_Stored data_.
╔══

lemma step_cost_lipschitz:
  fixes eta c l a b :: real
  assumes "0 < eta" "eta \<le> 1" "0 \<le> l" "0 \<le> c"
  shows "step_cost c eta l a \<le> step_cost c eta l b + (c + l) / eta * \<bar>a - b\<bar>"
proof -
  have eq: "step_cost c eta l x = l / eta * max x 0 + (l - c) * eta * min x 0" for x
    using assms by (auto simp: step_cost_def step_discharge_def step_charge_def algebra_simps)
  have "(c + l) * eta \<le> (c + l) / eta"
    using assms le_one_scaling[of "c + l" eta] by (simp add: mult.commute)
  moreover have "\<bar>l - c\<bar> * eta \<le> (c + l) * eta"
    using assms by (intro mult_right_mono) auto
  moreover have "\<bar>(l - c) * eta\<bar> = \<bar>l - c\<bar> * eta"
    using assms by (simp add: abs_mult)
  ultimately have "\<bar>(l - c) * eta\<bar> \<le> (c + l) / eta"
    by linarith
  moreover have "\<bar>l / eta\<bar> \<le> (c + l) / eta"
    using assms by (simp add: divide_right_mono)
  ultimately show ?thesis
    unfolding eq by (intro max_min_zero_lipschitz)
qed

(* Paths are indexed from 1; the value at 0 is irrelevant. *)
fun capped_path :: "(nat \<Rightarrow> real) \<Rightarrow> (nat \<Rightarrow> real) \<Rightarrow> nat \<Rightarrow> real" where
  "capped_path E u 0 = E 0"
| "capped_path E u (Suc 0) = E 1"
| "capped_path E u (Suc (Suc s)) = min (E (Suc (Suc s))) (capped_path E u (Suc s) + u (Suc s))"

lemma capped_path_Suc:
  "1 \<le> s \<Longrightarrow> capped_path E u (Suc s) = min (E (Suc s)) (capped_path E u s + u s)"
  by (cases s) auto

lemma capped_path_le: "capped_path E u s \<le> E s"
  by (induction E u s rule: capped_path.induct) auto

lemma capped_path_ge:
  assumes "0 \<le> ep" and "\<forall>t\<in>{1..<s}. E (Suc t) - E t \<le> u t + ep" and "1 \<le> s"
  shows "E s - (real s - 1) * ep \<le> capped_path E u s"
  using assms(3,2)
proof (induction s rule: dec_induct)
  case base
  then show ?case by simp
next
  case (step s)
  then have "E s - (real s - 1) * ep \<le> capped_path E u s" "E (Suc s) - E s \<le> u s + ep"
    by auto
  then show ?case
    using step.hyps(1) assms(1) by (simp add: capped_path_Suc algebra_simps)
qed

lemma capped_path_step_bounds:
  assumes "1 \<le> s" and "L \<le> E (Suc s) - E s" and "L \<le> u s"
  shows "L \<le> capped_path E u (Suc s) - capped_path E u s"
    and "capped_path E u (Suc s) - capped_path E u s \<le> u s"
  using assms capped_path_le[of E u s] capped_path_Suc[OF assms(1), of E u] by (simp_all add: min_def)

function floor_path :: "real \<Rightarrow> (nat \<Rightarrow> real) \<Rightarrow> nat \<Rightarrow> nat \<Rightarrow> real" where
  "floor_path lo u n s = (if n \<le> s then lo else max lo (floor_path lo u n (Suc s) - u s))"
  by pat_completeness auto
termination by (relation "Wellfounded.measure (\<lambda>(lo, u, n, s). n - s)") auto

declare floor_path.simps [simp del]

lemma floor_path_end: "floor_path lo u n n = lo"
  by (subst floor_path.simps) simp

lemma floor_path_step: "s < n \<Longrightarrow> floor_path lo u n s = max lo (floor_path lo u n (Suc s) - u s)"
  by (subst floor_path.simps) simp

lemma floor_path_ge: "lo \<le> floor_path lo u n s"
  by (subst floor_path.simps) simp

lemma floor_path_le:
  assumes "0 \<le> ep" and "\<forall>t\<in>{s..<n}. F (Suc t) - F t \<le> u t + ep"
    and "\<forall>t\<in>{s..n}. lo \<le> F t" and "s \<le> n"
  shows "floor_path lo u n s \<le> F s + real (n - s) * ep"
  using assms(4,2,3)
proof (induction s rule: inc_induct)
  case base
  then show ?case by (simp add: floor_path_end)
next
  case (step s)
  define k where "k = real (n - Suc s)"
  have "real (n - s) = k + 1" "0 \<le> k * ep"
    using step.hyps(2) assms(1) by (simp_all add: k_def of_nat_diff)
  moreover have "floor_path lo u n (Suc s) \<le> F (Suc s) + k * ep"
    "F (Suc s) - F s \<le> u s + ep" "lo \<le> F s"
    using step by (auto simp: k_def)
  ultimately show ?case
    using assms(1) unfolding floor_path_step[OF step.hyps(2)] by (simp add: algebra_simps)
qed

lemma floor_path_step_bounds:
  assumes "s < n" and "L \<le> 0" and "L \<le> u s"
  shows "L \<le> floor_path lo u n (Suc s) - floor_path lo u n s"
    and "floor_path lo u n (Suc s) - floor_path lo u n s \<le> u s"
  using assms floor_path_ge[of lo u n "Suc s"] floor_path_step[OF assms(1), of lo u]
  by (simp_all add: max_def)

lemma max_step_bounds:
  fixes a0 a1 b0 b1 L U :: real
  assumes "L \<le> a1 - a0" "a1 - a0 \<le> U" "L \<le> b1 - b0" "b1 - b0 \<le> U"
  shows "L \<le> max a1 b1 - max a0 b0" and "max a1 b1 - max a0 b0 \<le> U"
  using assms by (auto simp: max_def)

lemma min_step_bounds:
  fixes a0 a1 b0 b1 L U :: real
  assumes "L \<le> a1 - a0" "a1 - a0 \<le> U" "L \<le> b1 - b0" "b1 - b0 \<le> U"
  shows "L \<le> min a1 b1 - min a0 b0" and "min a1 b1 - min a0 b0 \<le> U"
  using assms by (auto simp: min_def)

lemma compact_Pi_UNIV:
  assumes "\<And>i. compact (K i)"
  shows "compact (Pi UNIV K :: ('a \<Rightarrow> 'b::topological_space) set)"
proof -
  have "compactin (product_topology (\<lambda>i. euclidean) UNIV) (PiE UNIV K)"
    using assms by (simp add: compactin_PiE)
  then show ?thesis by (simp add: euclidean_product_topology PiE_UNIV_domain)
qed

lemma ex_is_min_compact_dominating:
  assumes "compact C" "C \<noteq> {}" "C \<subseteq> A" "continuous_on C f"
    and "\<And>y. y \<in> A \<Longrightarrow> \<exists>z\<in>C. f z \<le> f y"
  shows "\<exists>x. is_min A f x"
proof -
  obtain x where "x \<in> C" "\<forall>z\<in>C. f x \<le> f z"
    using continuous_attains_inf[OF assms(1-2,4)] by blast
  then have "is_min A f x"
    unfolding is_min_def using assms(3,5) by (meson order_trans subsetD)
  then show ?thesis ..
qed

lemma closed_stage2_feas: "closed (stage2_feas T D Pmax Elo Ehi eta e1 pstar estar)"
proof -
  have "stage2_feas T D Pmax Elo Ehi eta e1 pstar estar = (\<Inter>t\<in>{1..T}. {(d, q, e).
        pstar \<ge> D t - d t + q t \<and>
        e (Suc t) = prev_soc e1 e t - d t / eta + eta * q t \<and>
        0 \<le> d t \<and> d t \<le> Pmax \<and> 0 \<le> q t \<and> q t \<le> Pmax \<and>
        Elo \<le> e (Suc t) \<and> e (Suc t) \<le> Ehi \<and> estar (Suc t) \<le> e (Suc t)})"
    unfolding stage2_feas_def feasS_def by auto
  also have "closed \<dots>"
  proof (intro closed_INT ballI)
    fix t :: nat
    have d: "continuous_on UNIV (\<lambda>y::point2. fst y t)"
      and q: "continuous_on UNIV (\<lambda>y::point2. fst (snd y) t)"
      and e: "continuous_on UNIV (\<lambda>y::point2. snd (snd y) s)" for s
      by (rule continuous_on_product_then_coordinatewise, intro continuous_intros)+
    have "continuous_on UNIV (\<lambda>y::point2. prev_soc e1 (snd (snd y)) t)"
      unfolding prev_soc_def by (cases "t = 1") (simp_all add: e)
    then show "closed {(d, q, e). pstar \<ge> D t - d t + q t \<and>
        e (Suc t) = prev_soc e1 e t - d t / eta + eta * q t \<and>
        0 \<le> d t \<and> d t \<le> Pmax \<and> 0 \<le> q t \<and> q t \<le> Pmax \<and>
        Elo \<le> e (Suc t) \<and> e (Suc t) \<le> Ehi \<and> estar (Suc t) \<le> e (Suc t)}"
      unfolding case_prod_beta divide_inverse
      by (intro closed_Collect_conj closed_Collect_le closed_Collect_eq continuous_on_diff
          continuous_on_add continuous_on_const continuous_on_mult d q e)
  qed
  finally show ?thesis .
qed

lemma continuous_stage2_obj: "continuous_on S (stage2_obj T c lam)"
proof -
  have d: "continuous_on UNIV (\<lambda>y::point2. fst y t)"
    and q: "continuous_on UNIV (\<lambda>y::point2. fst (snd y) t)" for t
    by (rule continuous_on_product_then_coordinatewise, intro continuous_intros)+
  have "continuous_on UNIV (\<lambda>y::point2. \<Sum>t = 1..T. c * fst y t - lam t * (fst y t - fst (snd y) t))"
    by (intro continuous_on_sum continuous_on_diff continuous_on_mult continuous_on_const d q)
  then show ?thesis
    unfolding stage2_obj_def case_prod_beta by (rule continuous_on_subset) simp
qed

(* Coordinates outside the horizon are unconstrained and do not enter the objective; zeroing
   them confines the search for a stage-2 minimiser to a compact set. *)
definition zero_outside :: "nat set \<Rightarrow> (nat \<Rightarrow> real) \<Rightarrow> nat \<Rightarrow> real" where
  "zero_outside I f t = (if t \<in> I then f t else 0)"

definition box_on :: "nat set \<Rightarrow> real \<Rightarrow> real \<Rightarrow> (nat \<Rightarrow> real) set" where
  "box_on I a b = Pi UNIV (\<lambda>t. if t \<in> I then {a..b} else {0})"

lemma compact_box_on: "compact (box_on I a b)"
  unfolding box_on_def by (intro compact_Pi_UNIV) auto

lemma zero_outside_in_box_on:
  "(\<And>t. t \<in> I \<Longrightarrow> f t \<in> {a..b}) \<Longrightarrow> zero_outside I f \<in> box_on I a b"
  by (auto simp: zero_outside_def box_on_def)

lemma stage2_feas_zero_outside:
  assumes y: "(d, q, e) \<in> stage2_feas T D Pmax Elo Ehi eta e1 pstar estar"
  shows "(zero_outside {1..T} d, zero_outside {1..T} q, zero_outside {2..T+1} e)
      \<in> stage2_feas T D Pmax Elo Ehi eta e1 pstar estar \<inter>
        (box_on {1..T} 0 Pmax \<times> box_on {1..T} 0 Pmax \<times> box_on {2..T+1} Elo Ehi)"
proof -
  have same: "zero_outside {1..T} d t = d t" "zero_outside {1..T} q t = q t"
      "zero_outside {2..T+1} e (Suc t) = e (Suc t)"
      "prev_soc e1 (zero_outside {2..T+1} e) t = prev_soc e1 e t"
    if "t \<in> {1..T}" for t
    using that by (auto simp: zero_outside_def prev_soc_def)
  have "e t \<in> {Elo..Ehi}" if "t \<in> {2..T+1}" for t
    using y that unfolding stage2_feas_def feasS_def by (cases t) (auto simp: Ball_def)
  moreover have "d t \<in> {0..Pmax}" "q t \<in> {0..Pmax}" if "t \<in> {1..T}" for t
    using y that unfolding stage2_feas_def feasS_def by auto
  moreover have "(zero_outside {1..T} d, zero_outside {1..T} q, zero_outside {2..T+1} e)
      \<in> stage2_feas T D Pmax Elo Ehi eta e1 pstar estar"
    using y unfolding stage2_feas_def feasS_def mem_Collect_eq prod.case Ball_def
    by (simp (no_asm) only: same cong: imp_cong)
  ultimately show ?thesis
    by (auto intro!: zero_outside_in_box_on)
qed

lemma stage2_obj_zero_outside:
  "stage2_obj T c lam (zero_outside {1..T} d, zero_outside {1..T} q, e') = stage2_obj T c lam (d, q, e)"
  by (auto simp: stage2_obj_def zero_outside_def intro!: sum.cong)

lemma ex_is_min_stage2:
  assumes "stage2_feas T D Pmax Elo Ehi eta e1 pstar estar \<noteq> {}"
  shows "\<exists>y. is_min (stage2_feas T D Pmax Elo Ehi eta e1 pstar estar) (stage2_obj T c lam) y"
proof -
  let ?A = "stage2_feas T D Pmax Elo Ehi eta e1 pstar estar"
  define C where "C = ?A \<inter> (box_on {1..T} 0 Pmax \<times> box_on {1..T} 0 Pmax \<times> box_on {2..T+1} Elo Ehi)"
  have dominated: "\<exists>z\<in>C. stage2_obj T c lam z \<le> stage2_obj T c lam y" if "y \<in> ?A" for y
    using that stage2_feas_zero_outside stage2_obj_zero_outside unfolding C_def
    by (metis order_refl prod_cases3)
  have "compact C"
    unfolding C_def by (intro closed_Int_compact closed_stage2_feas compact_Times compact_box_on)
  moreover have "C \<noteq> {}"
    using assms dominated by blast
  ultimately show ?thesis
    using ex_is_min_compact_dominating[of C ?A "stage2_obj T c lam"] continuous_stage2_obj dominated
    unfolding C_def by blast
qed

lemma combined_obj_split:
  "combined_obj T c lam D kappa (p, d, q, e) =
     (\<Sum>t = 1..T. lam t * D t) + kappa * p + stage2_obj T c lam (d, q, e)"
proof -
  have "(\<Sum>t = 1..T. c * d t + lam t * (D t - d t + q t)) =
      (\<Sum>t = 1..T. lam t * D t) + (\<Sum>t = 1..T. c * d t - lam t * (d t - q t))"
    by (simp add: sum.distrib[symmetric] algebra_simps)
  then show ?thesis
    unfolding combined_obj_def stage2_obj_def by simp
qed

locale battery =
  fixes T :: nat and D lam :: "nat \<Rightarrow> real" and c Pmax Elo Ehi eta e1 :: real
  assumes lam_nonneg: "\<forall>t\<in>{1..T}. lam t \<ge> 0"
    and c_nonneg: "c \<ge> 0"
    and Pmax_nonneg: "0 \<le> Pmax"
    and eta_pos: "0 < eta" and eta_le_1: "eta \<le> 1"
    and e1_bounds: "Elo \<le> e1" "e1 \<le> Ehi"
begin

abbreviation feas :: "point set" where
  "feas \<equiv> feasS T D Pmax Elo Ehi eta e1"

abbreviation step_max :: "real \<Rightarrow> nat \<Rightarrow> real" where
  "step_max p t \<equiv> soc_step_max Pmax eta (D t) p"

definition soc_admissible :: "real \<Rightarrow> (nat \<Rightarrow> real) \<Rightarrow> bool" where
  "soc_admissible p E \<longleftrightarrow> E 1 = e1 \<and>
     (\<forall>t\<in>{1..T}. - Pmax / eta \<le> E (Suc t) - E t \<and> E (Suc t) - E t \<le> step_max p t) \<and>
     (\<forall>t\<in>{1..T+1}. Elo \<le> E t \<and> E t \<le> Ehi)"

╚══

_Task_. Your task is to return each line of the data above that contains the string "noteq".

_Your solution_.
  assumes "compact C" "C \<noteq> {}" "C \<subseteq> A" "continuous_on C f"
  assumes "stage2_feas T D Pmax Elo Ehi eta e1 pstar estar \<noteq> {}"
  moreover have "C \<noteq> {}"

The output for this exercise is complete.